[Work request] Write out each line of the entries below that holds the word "fastforce".

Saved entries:
________
lemma computable_comp2:
  "computable 2 (\<lambda>xs. h (xs ! 0) (xs ! 1)) \<Longrightarrow> computable n g1 \<Longrightarrow> computable n g2
    \<Longrightarrow> computable n (\<lambda>xs. h (g1 xs) (g2 xs))"
  using computable_comp[of 2 "\<lambda>xs. h (xs ! 0) (xs ! 1)" "[g1, g2]"] by simp

lemma computable_Suc:
  assumes "computable n f" shows "computable n (\<lambda>xs. Suc (f xs))"
proof -
  have "computable 1 (\<lambda>xs. Suc (xs ! 0))"
    using rf_succ unfolding computable_def by (metis hd_conv_nth list.size(3) zero_neq_one)
  then show ?thesis using assms by (rule computable_comp1)
qed

lemma computable_const: "computable n (\<lambda>xs. k)"
proof (induction k)
  case 0
  show ?case unfolding computable_def using rf_zero by blast
next
  case (Suc k)
  then show ?case by (rule computable_Suc)
qed

lemma computable_rec_nat:
  assumes "computable n f" "computable (Suc (Suc n)) g"
  shows "computable (Suc n) (\<lambda>xs. rec_nat (f (tl xs)) (\<lambda>y r. g (y # r # tl xs)) (hd xs))"
proof -
  obtain F where F: "recfn n F" "\<forall>xs. length xs = n \<longrightarrow> F xs = f xs"
    using assms(1) unfolding computable_def by blast
  obtain G where G: "recfn (Suc (Suc n)) G" "\<forall>xs. length xs = Suc (Suc n) \<longrightarrow> G xs = g xs"
    using assms(2) unfolding computable_def by blast
  have "rec_nat (F (tl xs)) (\<lambda>y r. G (y # r # tl xs)) k = rec_nat (f (tl xs)) (\<lambda>y r. g (y # r # tl xs)) k"
    if "length xs = Suc n" for xs k
    using that F(2) G(2) by (induction k) auto
  then show ?thesis
    using rf_prim[OF F(1) G(1)] unfolding computable_def by blast
qed

lemma computable_Least:
  assumes "computable (Suc n) f" "\<And>xs. length xs = n \<Longrightarrow> \<exists>y. f (y # xs) = 0"
  shows "computable n (\<lambda>xs. LEAST y. f (y # xs) = 0)"
proof -
  obtain F where F: "recfn (Suc n) F" "\<forall>xs. length xs = Suc n \<longrightarrow> F xs = f xs"
    using assms(1) unfolding computable_def by blast
  have "recfn n (\<lambda>xs. LEAST y. F (y # xs) = 0)"
    using F assms(2) by (intro rf_mu) auto
  then show ?thesis unfolding computable_def using F(2) by auto
qed

lemma computable_add:
  assumes "computable n f" "computable n g" shows "computable n (\<lambda>xs. f xs + g xs)"
proof -
  have rec: "computable (Suc (Suc 0)) (\<lambda>xs. rec_nat (tl xs ! 0) (\<lambda>y r. Suc ((y # r # tl xs) ! 1)) (hd xs))"
    by (intro computable_rec_nat computable_proj computable_Suc) simp_all
  have eq: "rec_nat b (\<lambda>y. Suc) a = a + b" for a b :: nat
    by (induction a) simp_all
  have "computable 2 (\<lambda>xs. xs ! 0 + xs ! 1)"
    by (rule computable_cong[OF rec]) (auto simp: eq numeral_2_eq_2 length_Suc_conv)
  then show ?thesis using assms by (rule computable_comp2)
qed

lemma computable_pred:
  assumes "computable n f" shows "computable n (\<lambda>xs. f xs - 1)"
proof -
  have rec: "computable (Suc 0) (\<lambda>xs. rec_nat 0 (\<lambda>y r. (y # r # tl xs) ! 0) (hd xs))"
    by (intro computable_rec_nat computable_const computable_proj) simp
  have eq: "rec_nat 0 (\<lambda>y r. y) a = a - 1" for a :: nat
    by (cases a) simp_all
  have "computable 1 (\<lambda>xs. xs ! 0 - 1)"
    by (rule computable_cong[OF rec]) (auto simp: eq length_Suc_conv)
  then show ?thesis using assms by (rule computable_comp1)
qed

lemma computable_diff:
  assumes "computable n f" "computable n g" shows "computable n (\<lambda>xs. f xs - g xs)"
proof -
  have rec: "computable (Suc (Suc 0)) (\<lambda>xs. rec_nat (tl xs ! 0) (\<lambda>y r. (y # r # tl xs) ! 1 - 1) (hd xs))"
    by (intro computable_rec_nat computable_proj computable_pred) simp_all
  have eq: "rec_nat b (\<lambda>y r. r - Suc 0) a = b - a" for a b :: nat
    by (induction a) simp_all
  have "computable 2 (\<lambda>xs. xs ! 1 - xs ! 0)"
    by (rule computable_cong[OF rec]) (auto simp: eq numeral_2_eq_2 length_Suc_conv)
  from computable_comp2[of "\<lambda>a b. b - a", OF this assms(2,1)] show ?thesis by simp
qed

lemma computable_triangle:
  assumes "computable n f" shows "computable n (\<lambda>xs. triangle (f xs))"
proof -
  have rec: "computable (Suc 0) (\<lambda>xs. rec_nat 0 (\<lambda>y r. (y # r # tl xs) ! 1 + Suc ((y # r # tl xs) ! 0)) (hd xs))"
    by (intro computable_rec_nat computable_const computable_add computable_Suc computable_proj) simp_all
  have eq: "rec_nat 0 (\<lambda>y r. Suc (r + y)) a = triangle a" for a
    by (induction a) simp_all
  have "computable 1 (\<lambda>xs. triangle (xs ! 0))"
    by (rule computable_cong[OF rec]) (auto simp: eq length_Suc_conv)
  then show ?thesis using assms by (rule computable_comp1)
qed

lemma computable_prod_encode:
  "computable n f \<Longrightarrow> computable n g \<Longrightarrow> computable n (\<lambda>xs. prod_encode (f xs, g xs))"
  unfolding prod_encode_def case_prod_conv by (intro computable_add computable_triangle)

lemma prod_decode_eq_triangle: "prod_decode c = (a, b) \<Longrightarrow> c = triangle (a + b) + a"
  using prod_decode_inverse[of c] by (simp add: prod_encode_def)

lemma prod_decode_diagonal:
  "fst (prod_decode c) + snd (prod_decode c) = (LEAST s. c < triangle (Suc s))"
proof -
  obtain a b where ab: "prod_decode c = (a, b)" by fastforce
  then have c: "c = triangle (a + b) + a" by (rule prod_decode_eq_triangle)
  have "(LEAST s. c < triangle (Suc s)) = a + b"
  proof (rule Least_equality)
    show "c < triangle (Suc (a + b))" using c by simp
  next
    fix s assume "c < triangle (Suc s)"
    show "a + b \<le> s"
    proof (rule ccontr)
      assume "\<not> a + b \<le> s"
      then have "triangle (Suc s) \<le> triangle (a + b)"
        by (intro monoD[of triangle]) (auto simp: mono_iff_le_Suc)
      then show False using \<open>c < triangle (Suc s)\<close> c by simp
    qed
  qed
  then show ?thesis using ab by simp
qed

text \<open>Decoding inverts the Cantor pairing \<open>prod_encode (a, b) = triangle (a + b) + a\<close>:
  the diagonal \<open>a + b\<close> is found by unbounded search, then \<open>a\<close> and \<open>b\<close> by subtraction.\<close>

lemma computable_prod_decode_diagonal:
  assumes "computable n f"
  shows "computable n (\<lambda>xs. fst (prod_decode (f xs)) + snd (prod_decode (f xs)))"
proof -
  have search: "computable (Suc 1) (\<lambda>ys. 1 - (triangle (Suc (ys ! 0)) - ys ! 1))"
    by (intro computable_diff computable_const computable_triangle computable_Suc computable_proj) simp_all
  have "\<exists>s. 1 - (triangle (Suc ((s # xs) ! 0)) - (s # xs) ! 1) = 0" for xs :: "nat list"
    by (rule exI[of _ "xs ! 0"]) simp
  then have "computable 1 (\<lambda>xs. LEAST s. 1 - (triangle (Suc ((s # xs) ! 0)) - (s # xs) ! 1) = 0)"
    using computable_Least[OF search] by simp
  moreover have "(1 - (t - c) = 0) \<longleftrightarrow> c < t" for t c :: nat
    by auto
  ultimately have "computable 1 (\<lambda>xs. fst (prod_decode (xs ! 0)) + snd (prod_decode (xs ! 0)))"
    by (simp add: prod_decode_diagonal)
  then show ?thesis using assms by (rule computable_comp1)
qed

lemma computable_fst_prod_decode:
  assumes "computable n f" shows "computable n (\<lambda>xs. fst (prod_decode (f xs)))"
proof -
  have "computable n (\<lambda>xs. f xs - triangle (fst (prod_decode (f xs)) + snd (prod_decode (f xs))))"
    using assms by (intro computable_diff computable_triangle computable_prod_decode_diagonal)
  moreover have "c - triangle (fst (prod_decode c) + snd (prod_decode c)) = fst (prod_decode c)" for c
    using prod_decode_eq_triangle[of c] by (cases "prod_decode c") simp
  ultimately show ?thesis by simp
qed

lemma computable_snd_prod_decode:
  assumes "computable n f" shows "computable n (\<lambda>xs. snd (prod_decode (f xs)))"
  using computable_diff[OF computable_prod_decode_diagonal[OF assms] computable_fst_prod_decode[OF assms]]
  by simp

lemma decidable_reduction:
  assumes "decidable P" and r: "computable 1 (\<lambda>xs. r (xs ! 0))"
    and "\<And>c. c \<in> fst Q \<Longrightarrow> r c \<in> fst P \<and> (r c \<in> snd P \<longleftrightarrow> c \<in> snd Q)"
  shows "decidable Q"
proof -
  obtain f where f: "recfn 1 f" "\<forall>c\<in>fst P. f [c] = 0 \<longleftrightarrow> c \<in> snd P"
    using assms(1) unfolding decidable_def by blast
  have "computable 1 (\<lambda>xs. f [xs ! 0])"
    using f(1) unfolding computable_def by (metis One_nat_def length_0_conv length_Suc_conv nth_Cons_0)
  from computable_comp1[OF this r] obtain g where g: "recfn 1 g" "\<forall>c. g [c] = f [r c]"
    unfolding computable_def by fastforce
  show ?thesis
    unfolding decidable_def using g f assms(3) by metis
qed

section \<open>Encoded decision problems\<close>

abbreviation instance_code :: "setclass \<Rightarrow> nat list \<Rightarrow> nat list list \<Rightarrow> nat list \<Rightarrow> nat" where
  "instance_code cls y Ks x \<equiv> prod_encode (K_code cls y Ks, list_encode x)"

lemma word_ok_Suc: "word_ok n w \<Longrightarrow> word_ok (Suc n) w"
  by (auto simp: word_ok_def)

lemma K_ok_Suc: "K_ok cls n y Ks \<Longrightarrow> K_ok cls (Suc n) y Ks"
  by (auto simp: K_ok_def word_ok_Suc)

lemma word_ok_Cons_last: "word_ok n w \<Longrightarrow> word_ok (Suc n) (2 * n # w)"
  by (auto simp: word_ok_def)

lemma K_ok_Cons_last: "K_ok FGCoset n y Ks \<Longrightarrow> K_ok FGCoset (Suc n) (2 * n # y) Ks"
  by (auto simp: K_ok_def word_ok_Suc word_ok_Cons_last)

lemma enc_words_eq_iff: "enc_words Ks = enc_words Ks' \<longleftrightarrow> Ks = Ks'"
  unfolding enc_words_def list_encode_eq by (simp add: inj_list_encode)

lemma K_code_inj:
  "K_code cls y Ks = K_code cls y' Ks' \<Longrightarrow> K_ok cls m y Ks \<Longrightarrow> K_ok cls m' y' Ks' \<Longrightarrow>
    y = y' \<and> Ks = Ks'"
  by (auto simp: K_ok_def K_code_def enc_words_eq_iff list_encode_eq split: if_splits)

lemma fixed_problem_instance:
  assumes "K_ok cls m y Ks" "word_ok m x"
  shows "instance_code cls y Ks x \<in> fst (fixed_problem cls m P)"
    and "instance_code cls y Ks x \<in> snd (fixed_problem cls m P) \<longleftrightarrow> P y Ks x"
  using assms by (auto simp: fixed_problem_def list_encode_eq dest: K_code_inj)

lemma uniform_problem_instance:
  assumes "\<forall>w\<in>set ps. word_ok (length gs) w" "\<exists>\<psi>. aut_given G gs ps \<psi>" "K_ok cls m y Ks" "word_ok m x"
  shows "prod_encode (enc_words ps, instance_code cls y Ks x) \<in> fst (uniform_problem cls G gs m P)"
    and "prod_encode (enc_words ps, instance_code cls y Ks x) \<in> snd (uniform_problem cls G gs m P)
      \<longleftrightarrow> (\<exists>\<psi>. aut_given G gs ps \<psi> \<and> P \<psi> y Ks x)"
  using assms by (auto simp: uniform_problem_def list_encode_eq enc_words_eq_iff dest: K_code_inj)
________
[Your response]
  obtain a b where ab: "prod_decode c = (a, b)" by fastforce
    unfolding computable_def by fastforce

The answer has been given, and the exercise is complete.